Clarion’s decision baffled him. Her career was in ruins but she could still afford a lawsuit and she had a strong chance of winning. If Melmot hadn’t persuaded her to drop the case, who had?
The back stairs to dressing room eleven were testing for a man of his bulk, yet easier than the iron ladder in the fly tower. He paused at the top to draw breath. He could hear voices ahead. Pleasing to know that the crime scene people were at work in number eleven; less pleasing when he saw who was in charge, an old antagonist called Duckett.
‘What’s the story so far?’ Diamond asked as he raised the tape across the door to duck under it.
‘Stop right there, squire,’ Duckett called across the room through his mask. He looked risible in the white zip-suit and bonnet that was de rigeur for crime scene investigators. Two others, a man and a woman, were similarly dressed and on hands and knees under the dressing tables. ‘Don’t take another step. You’ll contaminate the evidence.’
Diamond chose not to disclose that he’d been in here with Titus at lunchtime.
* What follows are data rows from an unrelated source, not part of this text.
lemma atom_card_bound:
  assumes "atom X"
  shows "2 * card X + connectivity \<le> CARD('a)"
proof -
  have XB: "card (sumset X B) = card X + connectivity" "sumset X B \<noteq> UNIV" "X \<noteq> {}"
    using assms unfolding atom_def fragment_def admissible_def by auto
  have card_XB_le: "card (sumset X B) \<le> CARD('a)"
    by (rule card_mono) auto
  \<comment> \<open>The reflected complement of X + B is again a fragment, and X is no larger.\<close>
  define Y where "Y = uminus ` (- sumset X B)"
  have card_Y: "card Y = CARD('a) - card (sumset X B)"
    unfolding Y_def by (simp add: card_image Compl_eq_Diff_UNIV card_Diff_subset)
  have "card (sumset Y B) \<le> card (uminus ` (- X))"
    unfolding Y_def by (intro card_mono sumset_reflected_complement_subset) simp
  also have "\<dots> = CARD('a) - card X"
    by (simp add: card_image Compl_eq_Diff_UNIV card_Diff_subset)
  finally have card_YB: "card (sumset Y B) \<le> CARD('a) - card X" .
  have "0 < card X" "0 < CARD('a)"
    using XB(3) by (simp_all add: card_gt_0_iff)
  then have "card (sumset Y B) < CARD('a)"
    using card_YB by linarith
  then have "sumset Y B \<noteq> UNIV" by auto
  moreover have "Y \<noteq> {}" using XB(2) unfolding Y_def by blast
  ultimately have "admissible Y" unfolding admissible_def by blast
  then have "fragment Y"
    using card_add_connectivity_le[of Y] XB(1) card_XB_le card_Y card_YB
    unfolding fragment_def by linarith
  then have "card X \<le> card Y" using assms unfolding atom_def by blast
  then show ?thesis using XB(1) card_XB_le card_Y by linarith
qed

lemma fragment_Int:
  assumes X: "fragment X" and Y: "fragment Y" and XY: "X \<inter> Y \<noteq> {}"
    and XY_B: "sumset (X \<union> Y) B \<noteq> UNIV"
  shows "fragment (X \<inter> Y)"
proof -
  have "admissible (X \<inter> Y)"
    using X XY sumset_mono_left[of "X \<inter> Y" X B]
    unfolding fragment_def admissible_def by blast
  then have I: "card (X \<inter> Y) + connectivity \<le> card (sumset (X \<inter> Y) B)"
    by (rule card_add_connectivity_le)
  have "admissible (X \<union> Y)"
    using XY XY_B unfolding admissible_def by blast
  then have U: "card (X \<union> Y) + connectivity \<le> card (sumset X B \<union> sumset Y B)"
    using card_add_connectivity_le[of "X \<union> Y"] by (simp add: sumset_Un_left)
  have "card (sumset (X \<inter> Y) B) \<le> card (sumset X B \<inter> sumset Y B)"
    by (rule card_mono[OF _ sumset_Int_left_subset]) simp
  then show ?thesis
    using I U X Y card_Un_Int[of X Y] card_Un_Int[of "sumset X B" "sumset Y B"]
    \<open>admissible (X \<inter> Y)\<close> unfolding fragment_def by simp
qed

lemma atom_Int_eq:
  assumes X: "atom X" and Y: "atom Y" and XY: "X \<inter> Y \<noteq> {}"
  shows "X = Y"
proof -
  have card_eq: "card X = card Y"
    using X Y unfolding atom_def by (simp add: le_antisym)
  have "sumset (X \<union> Y) B \<noteq> UNIV"
  proof
    assume "sumset (X \<union> Y) B = UNIV"
    then have "card (sumset X B \<union> sumset Y B) = CARD('a)"
      by (simp add: sumset_Un_left)
    moreover have "admissible (X \<inter> Y)"
      using X XY sumset_mono_left[of "X \<inter> Y" X B]
      unfolding atom_def fragment_def admissible_def by blast
    then have "card (X \<inter> Y) + connectivity \<le> card (sumset X B \<inter> sumset Y B)"
      using card_add_connectivity_le card_mono[OF _ sumset_Int_left_subset[of X Y B]]
      by (meson finite le_trans)
    moreover have "card (X \<inter> Y) > 0"
      using XY by (simp add: card_gt_0_iff)
    ultimately show False
      using X Y card_eq atom_card_bound[OF X]
        card_Un_Int[of "sumset X B" "sumset Y B", OF finite finite]
      unfolding atom_def fragment_def by linarith
  qed
  then have "fragment (X \<inter> Y)"
    using X Y XY fragment_Int unfolding atom_def by blast
  then have "card X \<le> card (X \<inter> Y)" "card Y \<le> card (X \<inter> Y)"
    using X Y unfolding atom_def by blast+
  then have "X \<inter> Y = X" "X \<inter> Y = Y"
    using card_seteq[OF finite Int_lower1] card_seteq[OF finite Int_lower2] by blast+
  then show ?thesis by simp
qed
(* Let $m \geq 2$ and $1 \leq k \leq m-1$ be integers. For indeterminates $x, s$, write $$1 - xz + s z^m = \prod_{j=1}^{m} \bigl(1 - u_j z\bigr)$$ with $u_1,\dots,u_m$ in an algebraic closure of $\mathbb{Q}(x,s)$, and define $$c(m,k,x,s,z) = \prod_{1 \leq i_1 < i_2 < \cdots < i_k \leq m} \bigl(z - u_{i_1} u_{i_2} \cdots u_{i_k}\bigr),$$ a polynomial in $z$ of degree $\binom{m}{k}$ with coefficients in $\mathbb{Z}[x,s]$. After the substitution $(x,s) \mapsto (x+1,x)$ we have $$1 - (x+1)z + x z^m = (1-z)\prod_{j=2}^{m}(1 - v_j z),$$ with $v_2,\dots,v_m$ in an algebraic closure of $\mathbb{Q}(x)$. Define $$w_{k-1}(m,x,z) = \prod_{2 \leq i_1 < \cdots < i_{k-1} \leq m} \bigl(z - v_{i_1}\cdots v_{i_{k-1}}\bigr), \qquad w_k(m,x,z) = \prod_{2 \leq i_1 < \cdots < i_{k} \leq m} \bigl(z - v_{i_1}\cdots v_{i_{k}}\bigr),$$ where for $k=1$ the empty product of the $v$'s equals $1$, so that $w_0(m,x,z) = z - 1$. Then $$c(m,k,x+1,x,z) = w_{k-1}(m,x,z)\, w_k(m,x,z),$$ and both $w_{k-1}(m,x,z)$ and $w_k(m,x,z)$ are polynomials with integer coefficients, i.e. they lie in $\mathbb{Z}[x,z]$.
   Context: The polynomial $c(m,k,x,s,z)$ is the characteristic polynomial of the linear recurrence satisfied (in $n$) by the sequence $p_k(n,m,x,s) = (-1)^{k+1}\sum_{1 \leq i_1 < \cdots < i_k \leq m} (u_{i_1}\cdots u_{i_k})^n$, $n \geq 1$. In the factorization after the substitution $(x,s)\mapsto(x+1,x)$, one root of $1-(x+1)z+xz^m$ (in the sense of the factors $1-u_jz$) equals $1$, since $1-(x+1)z+xz^m=(1-z)\bigl(1 - xz\,\tfrac{1-z^{m-1}}{1-z}\bigr)$; the $v_j$ are the remaining $m-1$ such roots. *)

theory Defs
  imports "HOL-Computational_Algebra.Polynomial" "HOL-Computational_Algebra.Fraction_Field"
          "HOL-Algebra.Algebraic_Closure_Type"
begin

(* Z[x,s] is represented as int poly poly: the OUTER variable is x, the coefficients
   are int polynomials in s.  So x = [:0,1:] and s = [:[:0,1:]:]. *)
type_synonym Kxs = "int poly poly fract alg_closure"
type_synonym Kx = "int poly fract alg_closure"

definition embxs :: "int poly poly \<Rightarrow> Kxs" where
  "embxs p = to_ac (Fract p 1)"

definition embx :: "int poly \<Rightarrow> Kx" where
  "embx p = to_ac (Fract p 1)"

definition ksubsets :: "nat set \<Rightarrow> nat \<Rightarrow> nat set set" where
  "ksubsets A k = {I. I \<subseteq> A \<and> card I = k}"

(* c(m,k,x,s,z): the polynomial in z (outermost) with coefficients in Z[x,s] whose
   image in Kxs[z] is prod_{I, |I|=k} (z - prod_{i in I} u_i), where
   1 - x z + s z^m = prod_{j=1}^m (1 - u_j z) in Kxs[z]. *)
definition c_poly :: "nat \<Rightarrow> nat \<Rightarrow> int poly poly poly" where
  "c_poly m k = (THE P. \<forall>u :: nat \<Rightarrow> Kxs.
      ([:1:] - [:0, embxs [:0, 1:]:] + monom (embxs [:[:0, 1:]:]) m
         = (\<Prod>j\<in>{1..m}. [:1, - u j:]))
      \<longrightarrow> map_poly embxs P = (\<Prod>I\<in>ksubsets {1..m} k. [:- (\<Prod>i\<in>I. u i), 1:]))"

(* substitution (x,s) |-> (x+1,x) on Z[x,s] -> Z[x] *)
definition subst_xs :: "int poly poly \<Rightarrow> int poly" where
  "subst_xs p = poly p [:1, 1:]"

end

theory Submission
  imports Defs "Subresultants.More_Homomorphisms" "HOL-Library.Poly_Mapping"
begin

text \<open>
  The coefficients of the product of (1 - u_I z) over the k-subsets I are symmetric in the u_j, so
  they are integer polynomials, independent of the ring, in the coefficients of the product of the
  (1 - u_j z). These universal polynomials are built by induction on the number of variables:
  singling out X_j splits the product into two products over the remaining variables, which yields
  one polynomial in an auxiliary variable T whose value at each of the roots T = X_j of the monic
  polynomial prod (T - X_j) is the wanted coefficient; division by that polynomial shows the
  coefficient lies in the ring generated by the coefficients of prod (1 - X_j z).

  Hence c(m,k) is a universal polynomial evaluated at the coefficients of 1 - xz + sz^m, which
  commutes with the substitution (x,s) -> (x+1,x). Afterwards one of the u_j equals 1, and the
  k-subsets containing it give w_(k-1), the others w_k; both are again universal polynomials,
  evaluated at the integer coefficients of 1 - xz - ... - xz^(m-1).
\<close>

section \<open>Subsets of a fixed size\<close>

lemma finite_ksubsets: "finite A \<Longrightarrow> finite (ksubsets A k)"
  unfolding ksubsets_def by (rule finite_subset[of _ "Pow A"]) auto

lemma card_ksubsets: "finite A \<Longrightarrow> card (ksubsets A k) = card A choose k"
  unfolding ksubsets_def by (rule n_subsets)

lemma ksubsets_0: "finite A \<Longrightarrow> ksubsets A 0 = {{}}"
  unfolding ksubsets_def by (auto dest: finite_subset)

lemma ksubsets_empty_Suc: "ksubsets {} (Suc k) = {}"
  by (auto simp: ksubsets_def)

lemma ksubsets_insert:
  assumes "a \<notin> A" "finite A"
  shows "ksubsets (insert a A) (Suc k) = ksubsets A (Suc k) \<union> insert a ` ksubsets A k"
proof (intro equalityI subsetI)
  fix I assume "I \<in> ksubsets (insert a A) (Suc k)"
  then have I: "I \<subseteq> insert a A" "card I = Suc k" and "finite I"
    using assms by (auto simp: ksubsets_def intro: finite_subset)
  show "I \<in> ksubsets A (Suc k) \<union> insert a ` ksubsets A k"
  proof (cases "a \<in> I")
    case True
    then have "I = insert a (I - {a})" "I - {a} \<in> ksubsets A k"
      using I \<open>finite I\<close> by (auto simp: ksubsets_def)
    then show ?thesis by blast
  qed (use I in \<open>auto simp: ksubsets_def\<close>)
qed (use assms in \<open>auto simp: ksubsets_def intro!: card_insert_disjoint dest: finite_subset\<close>)

lemma prod_ksubsets_insert:
  assumes "a \<notin> A" "finite A"
  shows "(\<Prod>I\<in>ksubsets (insert a A) (Suc k). f I)
       = (\<Prod>I\<in>ksubsets A (Suc k). f I) * (\<Prod>J\<in>ksubsets A k. f (insert a J))"
proof -
  have "inj_on (insert a) (ksubsets A k)"
    using assms(1) unfolding ksubsets_def
    by (intro inj_onI) (metis Diff_insert_absorb mem_Collect_eq subsetD)
  moreover have "ksubsets A (Suc k) \<inter> insert a ` ksubsets A k = {}"
    using assms(1) by (auto simp: ksubsets_def)
  ultimately show ?thesis
    unfolding ksubsets_insert[OF assms]
    by (simp add: prod.union_disjoint finite_ksubsets assms(2) prod.reindex)
qed

lemma prod_ksubsets_reindex:
  assumes "bij_betw h B A"
  shows "(\<Prod>I\<in>ksubsets A k. f (\<Prod>i\<in>I. u i)) = (\<Prod>I\<in>ksubsets B k. f (\<Prod>i\<in>I. u (h i)))"
proof -
  have inj: "inj_on h I" if "I \<subseteq> B" for I
    using assms that by (meson bij_betw_def inj_on_subset)
  have "bij_betw (image h) (ksubsets B k) (ksubsets A k)"
  proof (rule bij_betw_subset[OF bij_betw_image_Pow[OF assms]])
    show "ksubsets B k \<subseteq> Pow B" by (auto simp: ksubsets_def)
    show "image h ` ksubsets B k = ksubsets A k"
    proof (intro equalityI subsetI)
      fix J assume "J \<in> ksubsets A k"
      then have "J \<in> image h ` Pow B"
        using bij_betw_image_Pow[OF assms] by (auto simp: ksubsets_def bij_betw_def)
      then obtain I where "I \<subseteq> B" "J = h ` I" by blast
      then show "J \<in> image h ` ksubsets B k"
        using \<open>J \<in> ksubsets A k\<close> inj by (auto simp: ksubsets_def card_image)
    qed (use assms inj in \<open>auto simp: ksubsets_def card_image bij_betw_def\<close>)
  qed
  then show ?thesis
    by (simp add: prod.reindex_bij_betw[symmetric] prod.reindex inj ksubsets_def)
qed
He waited for Duckett to come to the doorway by the least obvious route, hugging the walls. ‘You may not know this, but it was me who called you in.’
‘I guessed as much,’ Duckett said with a superior tone. ‘A dressing room as large as this and filled with trace evidence from I don’t know how many people is about the most complicated scene any investigator can have to examine. Thanks for that.’
‘I won’t need to know its entire history,’ Diamond said. ‘If you can tell me who was here most recently, that would help.’
‘Apart from two lumbering detectives in size ten shoes, you mean?’
One detective and one dramaturge, Diamond was tempted to point out, but it wasn’t worth saying.
‘It’s true there’s about three weeks of dust over every surface,’ Duckett said. ‘You asked who was here and I can’t tell you, of course. All I’m able to say at this stage is that within the last few days two people were in here and one at least had long reddish hair.’
Two people, one of them Denise. This had huge potential importance. ‘The dead woman had long red hair.’